definition ereal_integral :: "'b measure \<Rightarrow> ('b \<Rightarrow> ereal) \<Rightarrow> ereal" where
  "ereal_integral M g = enn2ereal (\<integral>\<^sup>+ a. e2ennreal (g a) \<partial>M) - enn2ereal (\<integral>\<^sup>+ a. e2ennreal (- g a) \<partial>M)"

end

theory Submission
  imports Defs
begin

text \<open>Subtracting the integrable minorant \<open>\<alpha>0\<close> splits
  \<open>f x = \<integral>\<^sup>+ (L a x - \<alpha>0 a) d\<mu> + \<integral> \<alpha>0 d\<mu>\<close> into a nonnegative integral plus a real constant;
  in particular \<open>f > -\<infinity>\<close>. Lower semicontinuity of \<open>f\<close> then follows from Fatou's lemma applied along
  sequences, and \<open>K\<close>-convexity from integrating the pointwise \<open>K\<close>-convexity inequality, using
  \<open>\<mu>(\<Pi>) = 1\<close> for the constant term.\<close>

lemma ennreal_parts_shift:
  fixes r h :: real
  assumes "h \<le> r"
  shows "ennreal r + ennreal (- h) = ennreal (r - h) + ennreal (- r) + ennreal h"
  using assms by (cases "0 \<le> h"; cases "0 \<le> r") (auto simp: ennreal_neg ennreal_plus[symmetric])

lemma e2ennreal_parts_shift:
  fixes g :: ereal and h :: real
  assumes "ereal h \<le> g"
  shows "e2ennreal g + ennreal (- h) = e2ennreal (g - ereal h) + e2ennreal (- g) + ennreal h"
  using assms ennreal_parts_shift[of h] by (cases g) auto

lemma ereal_integral_eq_nn_integral_shift:
  assumes g[measurable]: "g \<in> borel_measurable M" and h: "integrable M h"
    and ae: "AE a in M. ereal (h a) \<le> g a"
  shows "ereal_integral M g
    = enn2ereal (\<integral>\<^sup>+a. e2ennreal (g a - ereal (h a)) \<partial>M) + ereal (integral\<^sup>L M h)"
proof -
  have [measurable]: "h \<in> borel_measurable M"
    using h by auto
  define Gp where "Gp = (\<integral>\<^sup>+a. e2ennreal (g a) \<partial>M)"
  define Gm where "Gm = (\<integral>\<^sup>+a. e2ennreal (- g a) \<partial>M)"
  define Hp where "Hp = (\<integral>\<^sup>+a. ennreal (h a) \<partial>M)"
  define Hm where "Hm = (\<integral>\<^sup>+a. ennreal (- h a) \<partial>M)"
  define D where "D = (\<integral>\<^sup>+a. e2ennreal (g a - ereal (h a)) \<partial>M)"
  have "Gp + Hm = (\<integral>\<^sup>+a. e2ennreal (g a) + ennreal (- h a) \<partial>M)"
    unfolding Gp_def Hm_def by (rule nn_integral_add[symmetric]) auto
  also have "\<dots> = (\<integral>\<^sup>+a. e2ennreal (g a - ereal (h a)) + e2ennreal (- g a) + ennreal (h a) \<partial>M)"
    using ae by (intro nn_integral_cong_AE) (auto elim!: eventually_mono simp: e2ennreal_parts_shift)
  also have "\<dots> = D + Gm + Hp"
    unfolding D_def Gm_def Hp_def by (simp add: nn_integral_add)
  finally have parts: "Gp + Hm = D + Gm + Hp" .
  have Hp_finite: "Hp \<noteq> \<infinity>" and Hm_finite: "Hm \<noteq> \<infinity>"
    using h unfolding Hp_def Hm_def real_integrable_def by auto
  have "Gm \<le> Hm"
    unfolding Gm_def Hm_def
  proof (rule nn_integral_mono_AE)
    show "AE a in M. e2ennreal (- g a) \<le> ennreal (- h a)"
      using ae
    proof eventually_elim
      case (elim a)
      then have "- g a \<le> ereal (- h a)"
        by (metis ereal_minus_le_minus uminus_ereal.simps(1))
      then show ?case
        by (metis e2ennreal_ereal e2ennreal_mono)
    qed
  qed
  with Hm_finite have Gm_finite: "Gm \<noteq> \<infinity>"
    by (auto simp: top_unique)
  have finite_real: "enn2ereal X = ereal (enn2real X)" if "X \<noteq> \<infinity>" for X
    using that by (cases X rule: ennreal_cases) auto
  have "enn2ereal Gp + ereal (enn2real Hm) = enn2ereal D + ereal (enn2real Gm) + ereal (enn2real Hp)"
    using arg_cong[OF parts, of enn2ereal] finite_real[OF Hp_finite] finite_real[OF Hm_finite]
      finite_real[OF Gm_finite]
    by (simp add: plus_ennreal.rep_eq)
  then have "enn2ereal Gp - ereal (enn2real Gm) = enn2ereal D + ereal (enn2real Hp - enn2real Hm)"
    using enn2ereal_nonneg[of D] enn2ereal_nonneg[of Gp]
    by (cases "enn2ereal D"; cases "enn2ereal Gp") auto
  moreover have "integral\<^sup>L M h = enn2real Hp - enn2real Hm"
    unfolding Hp_def Hm_def by (rule real_lebesgue_integral_def[OF h])
  ultimately show ?thesis
    using finite_real[OF Gm_finite] unfolding ereal_integral_def Gp_def Gm_def D_def by simp
qed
______________________________
* THE PROBLEM
Reproduce the records above word for word.

* ANSWER BOX
definition ereal_integral :: "'b measure \<Rightarrow> ('b \<Rightarrow> ereal) \<Rightarrow> ereal" where
  "ereal_integral M g = enn2ereal (\<integral>\<^sup>+ a. e2ennreal (g a) \<partial>M) - enn2ereal (\<integral>\<^sup>+ a. e2ennreal (- g a) \<partial>M)"

end

theory Submission
  imports Defs
begin

text \<open>Subtracting the integrable minorant \<open>\<alpha>0\<close> splits
  \<open>f x = \<integral>\<^sup>+ (L a x - \<alpha>0 a) d\<mu> + \<integral> \<alpha>0 d\<mu>\<close> into a nonnegative integral plus a real constant;
  in particular \<open>f > -\<infinity>\<close>. Lower semicontinuity of \<open>f\<close> then follows from Fatou's lemma applied along
  sequences, and \<open>K\<close>-convexity from integrating the pointwise \<open>K\<close>-convexity inequality, using
  \<open>\<mu>(\<Pi>) = 1\<close> for the constant term.\<close>

lemma ennreal_parts_shift:
  fixes r h :: real
  assumes "h \<le> r"
  shows "ennreal r + ennreal (- h) = ennreal (r - h) + ennreal (- r) + ennreal h"
  using assms by (cases "0 \<le> h"; cases "0 \<le> r") (auto simp: ennreal_neg ennreal_plus[symmetric])

lemma e2ennreal_parts_shift:
  fixes g :: ereal and h :: real
  assumes "ereal h \<le> g"
  shows "e2ennreal g + ennreal (- h) = e2ennreal (g - ereal h) + e2ennreal (- g) + ennreal h"
  using assms ennreal_parts_shift[of h] by (cases g) auto

lemma ereal_integral_eq_nn_integral_shift:
  assumes g[measurable]: "g \<in> borel_measurable M" and h: "integrable M h"
    and ae: "AE a in M. ereal (h a) \<le> g a"
  shows "ereal_integral M g
    = enn2ereal (\<integral>\<^sup>+a. e2ennreal (g a - ereal (h a)) \<partial>M) + ereal (integral\<^sup>L M h)"
proof -
  have [measurable]: "h \<in> borel_measurable M"
    using h by auto
  define Gp where "Gp = (\<integral>\<^sup>+a. e2ennreal (g a) \<partial>M)"
  define Gm where "Gm = (\<integral>\<^sup>+a. e2ennreal (- g a) \<partial>M)"
  define Hp where "Hp = (\<integral>\<^sup>+a. ennreal (h a) \<partial>M)"
  define Hm where "Hm = (\<integral>\<^sup>+a. ennreal (- h a) \<partial>M)"
  define D where "D = (\<integral>\<^sup>+a. e2ennreal (g a - ereal (h a)) \<partial>M)"
  have "Gp + Hm = (\<integral>\<^sup>+a. e2ennreal (g a) + ennreal (- h a) \<partial>M)"
    unfolding Gp_def Hm_def by (rule nn_integral_add[symmetric]) auto
  also have "\<dots> = (\<integral>\<^sup>+a. e2ennreal (g a - ereal (h a)) + e2ennreal (- g a) + ennreal (h a) \<partial>M)"
    using ae by (intro nn_integral_cong_AE) (auto elim!: eventually_mono simp: e2ennreal_parts_shift)
  also have "\<dots> = D + Gm + Hp"
    unfolding D_def Gm_def Hp_def by (simp add: nn_integral_add)
  finally have parts: "Gp + Hm = D + Gm + Hp" .
  have Hp_finite: "Hp \<noteq> \<infinity>" and Hm_finite: "Hm \<noteq> \<infinity>"
    using h unfolding Hp_def Hm_def real_integrable_def by auto
  have "Gm \<le> Hm"
    unfolding Gm_def Hm_def
  proof (rule nn_integral_mono_AE)
    show "AE a in M. e2ennreal (- g a) \<le> ennreal (- h a)"
      using ae
    proof eventually_elim
      case (elim a)
      then have "- g a \<le> ereal (- h a)"
        by (metis ereal_minus_le_minus uminus_ereal.simps(1))
      then show ?case
        by (metis e2ennreal_ereal e2ennreal_mono)
    qed
  qed
  with Hm_finite have Gm_finite: "Gm \<noteq> \<infinity>"
    by (auto simp: top_unique)
  have finite_real: "enn2ereal X = ereal (enn2real X)" if "X \<noteq> \<infinity>" for X
    using that by (cases X rule: ennreal_cases) auto
  have "enn2ereal Gp + ereal (enn2real Hm) = enn2ereal D + ereal (enn2real Gm) + ereal (enn2real Hp)"
    using arg_cong[OF parts, of enn2ereal] finite_real[OF Hp_finite] finite_real[OF Hm_finite]
      finite_real[OF Gm_finite]
    by (simp add: plus_ennreal.rep_eq)
  then have "enn2ereal Gp - ereal (enn2real Gm) = enn2ereal D + ereal (enn2real Hp - enn2real Hm)"
    using enn2ereal_nonneg[of D] enn2ereal_nonneg[of Gp]
    by (cases "enn2ereal D"; cases "enn2ereal Gp") auto
  moreover have "integral\<^sup>L M h = enn2real Hp - enn2real Hm"
    unfolding Hp_def Hm_def by (rule real_lebesgue_integral_def[OF h])
  ultimately show ?thesis
    using finite_real[OF Gm_finite] unfolding ereal_integral_def Gp_def Gm_def D_def by simp
qed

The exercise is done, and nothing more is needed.